Is end correction always half of the width.

 

[Texas Tech 10+ year member]

I got ya though, on calculating port length and the actual physical length of the port. I understand how the end correction is not in any way constructed into the box. The only time you would actually use the end correction would be to figure out port tuning. So when you build a box and the calculations say the percieved length(effective length i call it from JL Audio's website) is 15 inches and the width of the port is 4 inches, you would actually subtract 2 inches from that 15 inches. So when building your box you would make it to where your port length is 13 inches long.

 

[PowerNaudio 10+ year member]

I got ya though, on calculating port length and the actual physical length of the port.
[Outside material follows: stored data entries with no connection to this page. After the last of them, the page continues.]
(* Assume (H1), (H2). Fix $\lambda>f'(0)$ and let $s_*$ be a $\lambda$-conjugate point. Let $\mathcal W$ be a Lagrangian plane transverse to $\mathbb E^u_-(s_*,\lambda)$ and, for $s$ near $s_*$, let $A(s):\mathbb E^u_-(s_*,\lambda)\to\mathcal W$ be the linear map whose graph is $\mathbb E^u_-(s,\lambda)$. If $v\in\mathbb E^u_-(s_*,\lambda)\cap\ell_*^{sand}$ and $p(\cdot,\lambda)$ is the solution of $q'=B(x,\lambda)q$ decaying as $x\to-\infty$ with $p(s_*,\lambda)=v=(p_1,p_2,p_3,p_4)(s_*,\lambda)$, then $$Q^{(1)}(v):=\frac{d}{ds}\omega(v,A(s)v)\Big|_{s=s_*}=\big(p_2(s_*;\lambda)\big)^2.$$
   Context: Fix real $\nu,\mu$ and $f(u)=\nu u^2-u^3-\mu u$. (H1): $\varphi$ is a smooth stationary solution of $u_t=-(1+\partial_x^2)^2u+f(u)$ with $\varphi\to0$ at $\pm\infty$. (H2): $f'(0)<0$. $B(x,\lambda)=\begin{pmatrix}0&0&0&1\\0&0&1&-2\\-\lambda-1+f'(\varphi(x))&0&0&0\\0&1&0&0\end{pmatrix}$; $\omega(u,v)=\langle u,Jv\rangle$, $J=\begin{pmatrix}0&I_2\\-I_2&0\end{pmatrix}$. $\mathbb E^u_-(x,\lambda)$ is the set of values $q(x)$ of solutions of $q'=B(y,\lambda)q$ with $q(y)\to0$ as $y\to-\infty$ (a 2-dimensional Lagrangian plane). $\ell_*^{sand}=\{q\in\mathbb R^4:q_1=q_4=0\}$; $s$ is a $\lambda$-conjugate point if $\mathbb E^u_-(s,\lambda)\cap\ell_*^{sand}\ne\{0\}$. For Lagrangian $\ell_0$ and $\mathcal W$ transverse, the graph map of a nearby Lagrangian $\ell$ is the unique linear $A:\ell_0\to\mathcal W$ with $\ell=\{v+Av:v\in\ell_0\}$. *)

theory Defs
  imports "HOL-Analysis.Analysis"
begin

definition fnl :: "real \<Rightarrow> real \<Rightarrow> real \<Rightarrow> real" where
  "fnl nu mu u = nu * u^2 - u^3 - mu * u"

definition fnl' :: "real \<Rightarrow> real \<Rightarrow> real \<Rightarrow> real" where
  "fnl' nu mu u = 2 * nu * u - 3 * u^2 - mu"

definition smooth_fun :: "(real \<Rightarrow> real) \<Rightarrow> bool" where
  "smooth_fun g \<longleftrightarrow> (\<forall>n x. ((deriv ^^ n) g) differentiable (at x))"

text \<open>(H1): phi is a smooth stationary solution of
  u_t = -(1+d^2)^2 u + f(u), decaying at both infinities.\<close>
definition H1 :: "real \<Rightarrow> real \<Rightarrow> (real \<Rightarrow> real) \<Rightarrow> bool" where
  "H1 nu mu phi \<longleftrightarrow> smooth_fun phi \<and>
     (\<forall>x. - ((deriv ^^ 4) phi x + 2 * (deriv ^^ 2) phi x + phi x) + fnl nu mu (phi x) = 0) \<and>
     (phi \<longlongrightarrow> 0) at_top \<and> (phi \<longlongrightarrow> 0) at_bot"

definition H2 :: "real \<Rightarrow> real \<Rightarrow> bool" where
  "H2 nu mu \<longleftrightarrow> fnl' nu mu 0 < 0"

definition Bmat :: "real \<Rightarrow> real \<Rightarrow> (real \<Rightarrow> real) \<Rightarrow> real \<Rightarrow> real \<Rightarrow> real^4^4" where
  "Bmat nu mu phi x lam = vector [
      vector [0, 0, 0, 1],
      vector [0, 0, 1, -2],
      vector [- lam - 1 + fnl' nu mu (phi x), 0, 0, 0],
      vector [0, 1, 0, 0]]"

definition is_sol :: "real \<Rightarrow> real \<Rightarrow> (real \<Rightarrow> real) \<Rightarrow> real \<Rightarrow> (real \<Rightarrow> real^4) \<Rightarrow> bool" where
  "is_sol nu mu phi lam q \<longleftrightarrow>
     (\<forall>y. (q has_vector_derivative (Bmat nu mu phi y lam *v q y)) (at y))"

definition Eu :: "real \<Rightarrow> real \<Rightarrow> (real \<Rightarrow> real) \<Rightarrow> real \<Rightarrow> real \<Rightarrow> (real^4) set" where
  "Eu nu mu phi x lam = {q x | q. is_sol nu mu phi lam q \<and> (q \<longlongrightarrow> 0) at_bot}"

definition Jmat :: "real^4^4" where
  "Jmat = vector [
      vector [0, 0, 1, 0],
      vector [0, 0, 0, 1],
      vector [-1, 0, 0, 0],
      vector [0, -1, 0, 0]]"

definition omega :: "real^4 \<Rightarrow> real^4 \<Rightarrow> real" where
  "omega u v = u \<bullet> (Jmat *v v)"

definition lagrangian :: "(real^4) set \<Rightarrow> bool" where
  "lagrangian L \<longleftrightarrow> subspace L \<and> dim L = 2 \<and> (\<forall>u\<in>L. \<forall>v\<in>L. omega u v = 0)"

definition transverse :: "(real^4) set \<Rightarrow> (real^4) set \<Rightarrow> bool" where
  "transverse U V \<longleftrightarrow> {u + v | u v. u \<in> U \<and> v \<in> V} = UNIV \<and> U \<inter> V = {0}"

definition ell_sand :: "(real^4) set" where
  "ell_sand = {q. q $ 1 = 0 \<and> q $ 4 = 0}"

definition conjugate_point :: "real \<Rightarrow> real \<Rightarrow> (real \<Rightarrow> real) \<Rightarrow> real \<Rightarrow> real \<Rightarrow> bool" where
  "conjugate_point nu mu phi lam s \<longleftrightarrow> Eu nu mu phi s lam \<inter> ell_sand \<noteq> {0}"

definition graph_map :: "(real^4) set \<Rightarrow> (real^4) set \<Rightarrow> (real^4) set \<Rightarrow> (real^4 \<Rightarrow> real^4) \<Rightarrow> bool" where
  "graph_map l0 W l A \<longleftrightarrow> linear A \<and> (\<forall>v\<in>l0. A v \<in> W) \<and> l = (\<lambda>v. v + A v) ` l0"

end

theory Submission
  imports Defs
begin

text \<open>The form omega is a first integral of q' = B q (J B is symmetric), so Eu is isotropic.
  Complete v to a basis v, u of Eu(s0) and take coordinate functionals f, g on it that vanish on W.
  Near s0 the graph of A s is spanned by p s and r s, where r is the decaying solution through u,
  and Cramer's rule writes omega(v, A s v) as a quotient whose numerator vanishes and whose
  denominator equals 1 at s0. Its derivative is therefore omega(v, B v), which is (v_2)^2
  because v_1 = v_4 = 0.\<close>

lemma vector4_nth [simp]:
  "(vector [a, b, c, d] :: 'a::zero^4) $ 1 = a" "(vector [a, b, c, d] :: 'a^4) $ 2 = b"
  "(vector [a, b, c, d] :: 'a^4) $ 3 = c" "(vector [a, b, c, d] :: 'a^4) $ 4 = d"
  unfolding vector_def by simp_all

lemma Bmat_mult_vec:
  "Bmat nu mu phi x lam *v q =
     vector [q $ 4, q $ 3 - 2 * q $ 4, (- lam - 1 + fnl' nu mu (phi x)) * q $ 1, q $ 2]"
  by (simp add: vec_eq_iff forall_4 matrix_vector_mult_def sum_4 Bmat_def)

lemma omega_expand: "omega a b = a $ 1 * b $ 3 + a $ 2 * b $ 4 - a $ 3 * b $ 1 - a $ 4 * b $ 2"
  by (simp add: omega_def Jmat_def inner_vec_def sum_4 matrix_vector_mult_def)

lemma omega_self [simp]: "omega v v = 0"
  by (simp add: omega_expand)

lemma omega_add_right: "omega v (x + y) = omega v x + omega v y"
  and omega_scaleR_right: "omega v (c *\<^sub>R x) = c * omega v x"
  by (simp_all add: omega_expand algebra_simps)

lemma linear_omega: "linear (omega v)"
  by (rule linearI) (simp_all add: omega_add_right omega_scaleR_right)

lemma omega_Bmat_ell_sand:
  assumes "v \<in> ell_sand"
  shows "omega v (Bmat nu mu phi x lam *v v) = (v $ 2)\<^sup>2"
  using assms by (simp add: ell_sand_def omega_expand Bmat_mult_vec power2_eq_square)

lemma is_sol_linear_deriv:
  assumes "is_sol nu mu phi lam q" and "linear h"
  shows "((\<lambda>s. h (q s)) has_real_derivative h (Bmat nu mu phi t lam *v q t)) (at t)"
  using bounded_linear.has_vector_derivative[OF _ assms(1)[unfolded is_sol_def, rule_format]]
    assms(2) linear_conv_bounded_linear
  unfolding has_real_derivative_iff_has_vector_derivative by blast

lemma omega_is_sol_deriv:
  assumes "is_sol nu mu phi lam q1" and "is_sol nu mu phi lam q2"
  shows "((\<lambda>t. omega (q1 t) (q2 t)) has_real_derivative 0) (at t)"
proof -
  note d1 = is_sol_linear_deriv[OF assms(1) bounded_linear_vec_nth[THEN bounded_linear.linear]]
    and d2 = is_sol_linear_deriv[OF assms(2) bounded_linear_vec_nth[THEN bounded_linear.linear]]
  have "((\<lambda>t. q1 t $ 1 * q2 t $ 3 + q1 t $ 2 * q2 t $ 4 - q1 t $ 3 * q2 t $ 1 - q1 t $ 4 * q2 t $ 2)
          has_real_derivative 0) (at t)"
    by (rule derivative_eq_intros d1 d2 refl)+ (simp add: Bmat_mult_vec algebra_simps)
  then show ?thesis
    by (simp add: omega_expand)
qed

lemma omega_decaying_sols_eq_0:
  assumes "is_sol nu mu phi lam q1" and "is_sol nu mu phi lam q2"
    and "(q1 \<longlongrightarrow> 0) at_bot" and "(q2 \<longlongrightarrow> 0) at_bot"
  shows "omega (q1 y) (q2 y) = 0"
proof -
  let ?h = "\<lambda>t. omega (q1 t) (q2 t)"
  have "?h = (\<lambda>t. ?h y)"
    using DERIV_isconst_all omega_is_sol_deriv[OF assms(1,2)] by blast
  moreover have "(?h \<longlongrightarrow> omega 0 0) at_bot"
    unfolding omega_expand by (intro tendsto_intros assms(3,4))
  ultimately show ?thesis
    by (metis omega_self tendsto_const tendsto_unique trivial_limit_at_bot_linorder)
qed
I understand how the end correction is not in any way constructed into the box. The only time you would actually use the end correction would be to figure out port tuning. So when you build a box and the calculations say the percieved length(effective length i call it from JL Audio's website) is 15 inches and the width of the port is 4 inches, you would actually subtract 2 inches from that 15 inches. So when building your box you would make it to where your port length is 13 inches long.

finally.

lol

 

[Texas Tech 10+ year member]

ooh okay so all that calculating, the 1.5 and 2.25 is not necessarily end correction, it is just necessary to calculate that for that type of port.However, that is added to the ports percieved length. So since the width is 3 inches on that diagram you would have to add 1.5 to the length for the total effective length. So it would be 20.25

is all that correct about the diagram though